> _EXTRACTED INFORMATION_
lemma exists_interp_norm_mult_norm_adjL_le_one:
  assumes lin_indep: "\<And>c. (\<Sum>j\<in>{1..m}. c j *\<^sub>R \<nu> j) = 0 \<Longrightarrow> \<forall>j\<in>{1..m}. c j = 0"
    and dual: "is_dual_solution m \<nu> y c"
  shows "\<exists>g\<in>interp_set m \<nu> y. norm g * norm (adjL m \<nu> c) \<le> 1"
proof -
  have cy: "(\<Sum>j\<in>{1..m}. c j * y j) = 1"
    and min: "\<And>c'. (\<Sum>j\<in>{1..m}. c' j * y j) = 1 \<Longrightarrow> norm (adjL m \<nu> c) \<le> norm (adjL m \<nu> c')"
    using dual unfolding is_dual_solution_iff by blast+
  define d where "d = norm (adjL m \<nu> c)"
  have d: "d > 0" unfolding d_def using norm_adjL_pos[OF lin_indep cy] .
  define \<phi> where "\<phi> v = (\<Sum>j\<in>{1..m}. (SOME a. adjL m \<nu> a = v) j * y j)" for v
  have \<phi>_adjL: "\<phi> (adjL m \<nu> a) = (\<Sum>j\<in>{1..m}. a j * y j)" for a
  proof -
    have "adjL m \<nu> (SOME a'. adjL m \<nu> a' = adjL m \<nu> a) = adjL m \<nu> a" by (rule someI[of _ a]) (rule refl)
    hence "\<forall>j\<in>{1..m}. (SOME a'. adjL m \<nu> a' = adjL m \<nu> a) j = a j"
      using adjL_eq_imp_eq_on[OF lin_indep] by blast
    thus ?thesis unfolding \<phi>_def by (intro sum.cong) auto
  qed
  have \<phi>_add: "\<phi> (x + z) = \<phi> x + \<phi> z" if xz: "x \<in> range (adjL m \<nu>)" "z \<in> range (adjL m \<nu>)" for x z
  proof -
    obtain a b where "x = adjL m \<nu> a" "z = adjL m \<nu> b" using xz by blast
    thus ?thesis using \<phi>_adjL[of "\<lambda>j. a j + b j"]
      by (simp add: adjL_add \<phi>_adjL sum.distrib distrib_right)
  qed
  have \<phi>_scale: "\<phi> (r *\<^sub>R x) = r * \<phi> x" if x: "x \<in> range (adjL m \<nu>)" for x r
  proof -
    obtain a where "x = adjL m \<nu> a" using x by blast
    thus ?thesis using \<phi>_adjL[of "\<lambda>j. r * a j"]
      by (simp add: adjL_scale \<phi>_adjL sum_distrib_left mult.assoc)
  qed
  have \<phi>_bound: "\<phi> x \<le> 1 / d * norm x" if "x \<in> range (adjL m \<nu>)" for x
  proof -
    obtain a where x: "x = adjL m \<nu> a" using \<open>x \<in> range (adjL m \<nu>)\<close> by blast
    define s where "s = (\<Sum>j\<in>{1..m}. a j * y j)"
    show ?thesis
    proof (cases "s > 0")
      case False
      have "0 \<le> 1 / d * norm x" using d by simp
      thus ?thesis using False x \<phi>_adjL s_def by simp
    next
      case True
      have "(\<Sum>j\<in>{1..m}. (1 / s * a j) * y j) = 1 / s * s"
        unfolding s_def sum_distrib_left by (simp add: mult.assoc)
      hence "(\<Sum>j\<in>{1..m}. (1 / s * a j) * y j) = 1" using True by simp
      hence "d \<le> norm (adjL m \<nu> (\<lambda>j. 1 / s * a j))" unfolding d_def by (rule min)
      also have "\<dots> = norm x / s" using True unfolding x adjL_scale by simp
      finally show ?thesis using True d x \<phi>_adjL s_def by (simp add: field_simps)
    qed
  qed
  have "0 \<le> 1 / d" using d by simp
  from hahn_banach_norm[OF this subspace_range_adjL[of m \<nu>] \<phi>_add \<phi>_scale \<phi>_bound]
  obtain g where g: "\<forall>x\<in>range (adjL m \<nu>). blinfun_apply g x = \<phi> x" and ng: "norm g \<le> 1 / d"
    by blast
  have "g \<in> interp_set m \<nu> y" unfolding interp_set_iff_adjL using g \<phi>_adjL by simp
  moreover have "norm g * d \<le> 1" using ng d by (simp add: field_simps)
  ultimately show ?thesis unfolding d_def by blast
qed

> _EXERCISE AIM_
Quote all of the entries exactly as they appear.

> _ANSWER BOX_
lemma exists_interp_norm_mult_norm_adjL_le_one:
  assumes lin_indep: "\<And>c. (\<Sum>j\<in>{1..m}. c j *\<^sub>R \<nu> j) = 0 \<Longrightarrow> \<forall>j\<in>{1..m}. c j = 0"
    and dual: "is_dual_solution m \<nu> y c"
  shows "\<exists>g\<in>interp_set m \<nu> y. norm g * norm (adjL m \<nu> c) \<le> 1"
proof -
  have cy: "(\<Sum>j\<in>{1..m}. c j * y j) = 1"
    and min: "\<And>c'. (\<Sum>j\<in>{1..m}. c' j * y j) = 1 \<Longrightarrow> norm (adjL m \<nu> c) \<le> norm (adjL m \<nu> c')"
    using dual unfolding is_dual_solution_iff by blast+
  define d where "d = norm (adjL m \<nu> c)"
  have d: "d > 0" unfolding d_def using norm_adjL_pos[OF lin_indep cy] .
  define \<phi> where "\<phi> v = (\<Sum>j\<in>{1..m}. (SOME a. adjL m \<nu> a = v) j * y j)" for v
  have \<phi>_adjL: "\<phi> (adjL m \<nu> a) = (\<Sum>j\<in>{1..m}. a j * y j)" for a
  proof -
    have "adjL m \<nu> (SOME a'. adjL m \<nu> a' = adjL m \<nu> a) = adjL m \<nu> a" by (rule someI[of _ a]) (rule refl)
    hence "\<forall>j\<in>{1..m}. (SOME a'. adjL m \<nu> a' = adjL m \<nu> a) j = a j"
      using adjL_eq_imp_eq_on[OF lin_indep] by blast
    thus ?thesis unfolding \<phi>_def by (intro sum.cong) auto
  qed
  have \<phi>_add: "\<phi> (x + z) = \<phi> x + \<phi> z" if xz: "x \<in> range (adjL m \<nu>)" "z \<in> range (adjL m \<nu>)" for x z
  proof -
    obtain a b where "x = adjL m \<nu> a" "z = adjL m \<nu> b" using xz by blast
    thus ?thesis using \<phi>_adjL[of "\<lambda>j. a j + b j"]
      by (simp add: adjL_add \<phi>_adjL sum.distrib distrib_right)
  qed
  have \<phi>_scale: "\<phi> (r *\<^sub>R x) = r * \<phi> x" if x: "x \<in> range (adjL m \<nu>)" for x r
  proof -
    obtain a where "x = adjL m \<nu> a" using x by blast
    thus ?thesis using \<phi>_adjL[of "\<lambda>j. r * a j"]
      by (simp add: adjL_scale \<phi>_adjL sum_distrib_left mult.assoc)
  qed
  have \<phi>_bound: "\<phi> x \<le> 1 / d * norm x" if "x \<in> range (adjL m \<nu>)" for x
  proof -
    obtain a where x: "x = adjL m \<nu> a" using \<open>x \<in> range (adjL m \<nu>)\<close> by blast
    define s where "s = (\<Sum>j\<in>{1..m}. a j * y j)"
    show ?thesis
    proof (cases "s > 0")
      case False
      have "0 \<le> 1 / d * norm x" using d by simp
      thus ?thesis using False x \<phi>_adjL s_def by simp
    next
      case True
      have "(\<Sum>j\<in>{1..m}. (1 / s * a j) * y j) = 1 / s * s"
        unfolding s_def sum_distrib_left by (simp add: mult.assoc)
      hence "(\<Sum>j\<in>{1..m}. (1 / s * a j) * y j) = 1" using True by simp
      hence "d \<le> norm (adjL m \<nu> (\<lambda>j. 1 / s * a j))" unfolding d_def by (rule min)
      also have "\<dots> = norm x / s" using True unfolding x adjL_scale by simp
      finally show ?thesis using True d x \<phi>_adjL s_def by (simp add: field_simps)
    qed
  qed
  have "0 \<le> 1 / d" using d by simp
  from hahn_banach_norm[OF this subspace_range_adjL[of m \<nu>] \<phi>_add \<phi>_scale \<phi>_bound]
  obtain g where g: "\<forall>x\<in>range (adjL m \<nu>). blinfun_apply g x = \<phi> x" and ng: "norm g \<le> 1 / d"
    by blast
  have "g \<in> interp_set m \<nu> y" unfolding interp_set_iff_adjL using g \<phi>_adjL by simp
  moreover have "norm g * d \<le> 1" using ng d by (simp add: field_simps)
  ultimately show ?thesis unfolding d_def by blast
qed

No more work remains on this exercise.